Logo Bloomberg Technoz

Menurut Bisman, relaksasi tersebut merupakan upaya jalan tengah untuk menjaga industri bauksit dalam negeri sembari mendorong perkembangan proyek pembangunan smelter bauksit yang selama ini dianggap terbengkalai.

“Merujuk kebijakan yang diberikan kepada PTFI beberapa tahun terakhir ini terkait ketidaksiapan smelter tembaga tetapi masih bisa ekspor. Maka jika dengan kondisi yang sama semestinya bauksit bisa juga mendapatkan kelonggaran,” ujar Bisman.

Sekadar catatan, Asosiasi Pengusaha Bauksit dan Bijih Besi Indonesia (AP3BI) mengatakan kapasitas input bauksit dari smelter yang ada saat ini di Indonesia hanya berkisar antara 12—14 juta ton per tahun.

Sementara itu, menurut Pelaksana Harian Ketua Umum AP3BI Ronald Sulistyanto, penambang bisa menambang bijih bauksit hingga 30 juta ton per tahun.

Dengan demikian, kata Ronald, sisa bijih bauksit yang tidak diolah di smelter yang jumlahnya mencapai sekitar 16 juta ton hanya didiamkan begitu saja. Apalagi, setelah adanya larangan ekspor bijih bauksit yang telah dicuci oleh Presiden Joko Widodo sejak Juni 2023 untuk mendorong industri smelter dalam negeri.

“Tidak bisa [diapa-apakan], ya didiemin saja di onggokan bauksit. Lama-lama karena air hujan, tidak bisa dijual lagi,” ujar Ronald.

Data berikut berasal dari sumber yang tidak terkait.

lemma continuous_map_relabel: "continuous_map table_space table_space (relabel p)"
  unfolding table_space_def continuous_map_componentwise_UNIV
proof
  fix q :: "nat \<times> nat"
  have "continuous_map (product_topology (\<lambda>_. discrete_topology UNIV) UNIV) (discrete_topology UNIV)
      (\<lambda>A. A (inv p (fst q), inv p (snd q)))"
    by (rule continuous_map_product_projection) simp
  then have "continuous_map (product_topology (\<lambda>_. discrete_topology UNIV) UNIV) (discrete_topology UNIV)
      (p \<circ> (\<lambda>A. A (inv p (fst q), inv p (snd q))))"
    by (rule continuous_map_compose) simp
  then show "continuous_map (product_topology (\<lambda>_. discrete_topology UNIV) UNIV) (discrete_topology UNIV)
      (\<lambda>A. relabel p A q)"
    by (simp add: relabel_def case_prod_beta o_def)
qed

lemma homeomorphic_map_relabel:
  assumes "bij p" "p 0 = 0"
  shows "homeomorphic_map group_space group_space (relabel p)"
proof -
  have inv_p: "bij (inv p)" "inv p 0 = 0"
    using assms by (simp_all add: bij_imp_bij_inv bij_is_inj inv_f_eq)
  have "continuous_map group_space group_space (relabel q)" if "bij q" "q 0 = 0" for q
    unfolding group_space_def continuous_map_in_subtopology
    using continuous_map_from_subtopology[OF continuous_map_relabel] relabel_GroupTables[OF that]
    by (auto simp: group_space_def)
  then have "homeomorphic_maps group_space group_space (relabel p) (relabel (inv p))"
    unfolding homeomorphic_maps_def
    using assms inv_p relabel_inv[OF assms(1)] relabel_inv[OF inv_p(1)] by (simp add: inv_inv_eq)
  then show ?thesis
    by (rule homeomorphic_maps_imp_map)
qed

lemma term_eval_relabel:
  assumes "bij p" "p 0 = 0"
  shows "term_eval (relabel p A) (p \<circ> e) t = p (term_eval A e t)"
  using assms by (induction t) (simp_all add: relabel_apply bij_is_inj)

Menurutnya, terdapat perbedaan mendasar antara investasi pabrik pemurnian atau smelter bauksit dibandingkan dengan nikel, yakni jangka waktu dan modal, yang pada akhirnya menjadi kendala pengembangannya.

Jangka waktu dari smelter bauksit cukup lama dan membutuhkan biaya investasi yang besar, yakni mencapai US$1,2 miliar (atau Rp19,6 triliun dengan asumsi kurs saat ini) untuk 2 juta ton.

“Apalagi dolar menguat, belum mereka [investor] memutuskan sudah ada tantangan baru, makin besar biaya dan jangka waktu pengembalian,” ujarnya.